The thing is: if Brazil were a Parliamentary system, they could have simply voted on a motion of no confidence on the Government and called for new elections. Over 60% of people want to get rid of her, and let us remember that she won her second term in a squeaker (3 million votes from over 100m+ cast). But, since it's a Presidential system, with fixed terms and no legislative oversee on the executive, they had to essentially make up some excuse to remove her from office: apparently she hid the budget deficit before the 2014 elections. She's most likely going to be removed and replaced by VP Michel Temer, from the centre Brazilian Democratic Movement Party (PMDB), who has the largest plurality in Congress (still way short of a majority, the Brazilian Congress is utterly out of control) and will try to somehow form a national unity coalition with everybody else in an attempt to save the country from economic catastrophe before actual elections can be called in 2018.
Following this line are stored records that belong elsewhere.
theorem lemma2p2:
  fixes M :: "'a measure" and n m :: nat
    and X Y Theta Delta :: "nat \<Rightarrow> 'a \<Rightarrow> real"
    and C :: "nat \<Rightarrow> real" and a :: "real \<Rightarrow> real"
  assumes M: "prob_space M"
    and X_rv: "\<And>i. i \<in> {1..n} \<Longrightarrow> X i \<in> borel_measurable M"
    and Y_rv: "\<And>j. j \<in> {1..m} \<Longrightarrow> Y j \<in> borel_measurable M"
    and Th_rv: "\<And>i. i \<in> {1..n} \<Longrightarrow> Theta i \<in> borel_measurable M"
    and De_rv: "\<And>j. j \<in> {1..m} \<Longrightarrow> Delta j \<in> borel_measurable M"
    \<comment> \<open>(A1)\<close>
    and gtai: "GTAI M n X m Y"
    and Th_nonneg: "\<And>i. i \<in> {1..n} \<Longrightarrow> \<forall>\<omega>\<in>space M. Theta i \<omega> \<ge> 0"
    and De_nonneg: "\<And>j. j \<in> {1..m} \<Longrightarrow> \<forall>\<omega>\<in>space M. Delta j \<omega> \<ge> 0"
    and Th_nondeg: "\<And>i. i \<in> {1..n} \<Longrightarrow> measure M {\<omega>\<in>space M. Theta i \<omega> = 0} < 1"
    and De_nondeg: "\<And>j. j \<in> {1..m} \<Longrightarrow> measure M {\<omega>\<in>space M. Delta j \<omega> = 0} < 1"
    and Th_bdd: "\<And>i. i \<in> {1..n} \<Longrightarrow> \<exists>b. measure M {\<omega>\<in>space M. Theta i \<omega> \<le> b} = 1"
    and De_bdd: "\<And>j. j \<in> {1..m} \<Longrightarrow> \<exists>b. measure M {\<omega>\<in>space M. Delta j \<omega> \<le> b} = 1"
    and indep: "prob_space.indep_var M
        (Pi\<^sub>M {1..n} (\<lambda>_. borel) \<Otimes>\<^sub>M Pi\<^sub>M {1..m} (\<lambda>_. borel))
        (\<lambda>\<omega>. (restrict (\<lambda>i. Theta i \<omega>) {1..n}, restrict (\<lambda>j. Delta j \<omega>) {1..m}))
        (Pi\<^sub>M {1..n} (\<lambda>_. borel) \<Otimes>\<^sub>M Pi\<^sub>M {1..m} (\<lambda>_. borel))
        (\<lambda>\<omega>. (restrict (\<lambda>i. X i \<omega>) {1..n}, restrict (\<lambda>j. Y j \<omega>) {1..m}))"
    \<comment> \<open>(A2)\<close>
    and F_class: "\<And>i. i \<in> {1..n} \<Longrightarrow> inf_right_endpoint (distr M borel (X i)) \<and>
        dominated_variation (distr M borel (X i)) \<and> long_tailed (distr M borel (X i))"
    and G_class: "\<And>j. j \<in> {1..m} \<Longrightarrow> inf_right_endpoint (distr M borel (Y j)) \<and>
        dominated_variation (distr M borel (Y j)) \<and> long_tailed (distr M borel (Y j))"
    and sai: "\<And>i. i \<in> {1..min n m} \<Longrightarrow> SAI M (X i) (Y i) (C i)"
    and indep_XY: "\<And>i j. i \<in> {1..n} \<Longrightarrow> j \<in> {1..m} \<Longrightarrow> i \<noteq> j \<Longrightarrow>
        prob_space.indep_var M borel (X i) borel (Y j)"
    \<comment> \<open>the function a\<close>
    and a_pos: "\<And>x. x \<ge> 0 \<Longrightarrow> a x > 0"
    and a_lim: "filterlim a at_top at_top"
    and a_small: "a \<in> o[at_top](\<lambda>x. x)"
  shows "\<forall>i\<in>{1..n}. \<forall>k\<in>{1..n}. \<forall>j\<in>{1..m}. i \<noteq> k \<longrightarrow>
     (\<lambda>(x,y). measure M {\<omega>\<in>space M. Theta i \<omega> * X i \<omega> > x \<and> Delta j \<omega> * Y j \<omega> > y
                                    \<and> Theta k \<omega> * \<bar>X k \<omega>\<bar> > a x})
       \<in> o[at_top \<times>\<^sub>F at_top](\<lambda>(x,y). measure M {\<omega>\<in>space M. Theta i \<omega> * X i \<omega> > x
                                                      \<and> Delta j \<omega> * Y j \<omega> > y})"
proof (intro ballI impI)
  fix i k j assume i: "i \<in> {1..n}" and k: "k \<in> {1..n}" and j: "j \<in> {1..m}" and "i \<noteq> k"
  interpret prob_space M by (rule M)
  obtain bi bk bj where bi: "prob {\<omega>\<in>space M. Theta i \<omega> \<le> bi} = 1"
      and bk: "prob {\<omega>\<in>space M. Theta k \<omega> \<le> bk} = 1" and bj: "prob {\<omega>\<in>space M. Delta j \<omega> \<le> bj} = 1"
    using Th_bdd[OF i] Th_bdd[OF k] De_bdd[OF j] by blast
  define B where "B = max 1 (max bi (max bj bk))"
  have "AE \<omega> in M. 0 \<le> Theta i \<omega> \<and> 0 \<le> Delta j \<omega>"
    using Th_nonneg[OF i] De_nonneg[OF j] by (auto intro: AE_I2)
  with AE_prob_1[OF bi] AE_prob_1[OF bk] AE_prob_1[OF bj]
  have bounded: "AE \<omega> in M. 0 \<le> Theta i \<omega> \<and> Theta i \<omega> \<le> B \<and> 0 \<le> Delta j \<omega> \<and> Delta j \<omega> \<le> B
      \<and> Theta k \<omega> \<le> B"
    unfolding B_def by eventually_elim auto
  have cond_tail: "((\<lambda>(u, v, w). cprob M {\<omega>\<in>space M. \<bar>X k \<omega>\<bar> > u} {\<omega>\<in>space M. X i \<omega> > v \<and> Y j \<omega> > w})
      \<longlongrightarrow> 0) (at_top \<times>\<^sub>F at_top \<times>\<^sub>F at_top)"
    using gtai i j k \<open>i \<noteq> k\<close> unfolding GTAI_def by (elim conjE) simp
  have "0 < B" by (simp add: B_def)
  from scale_mixture_tail_negligible[OF indep_var_coordinates[OF indep i k j] bounded this cond_tail a_lim]
  show "(\<lambda>(x,y). prob {\<omega>\<in>space M. Theta i \<omega> * X i \<omega> > x \<and> Delta j \<omega> * Y j \<omega> > y
      \<and> Theta k \<omega> * \<bar>X k \<omega>\<bar> > a x})
    \<in> o[at_top \<times>\<^sub>F at_top](\<lambda>(x,y). prob {\<omega>\<in>space M. Theta i \<omega> * X i \<omega> > x \<and> Delta j \<omega> * Y j \<omega> > y})" .
qed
At this point though, they'd do very good to change the Constitution from start to end, since there are so many details of public spending and other day-to-day measures set in stone there that make writing a budget almost impossible; not to mention the utter ungovernability of the country. If they started splashing out petrodollars all over Congress is because there are so many different parties (20), most of them tiny, that the only way to put a majority together is throwing bribes left and right.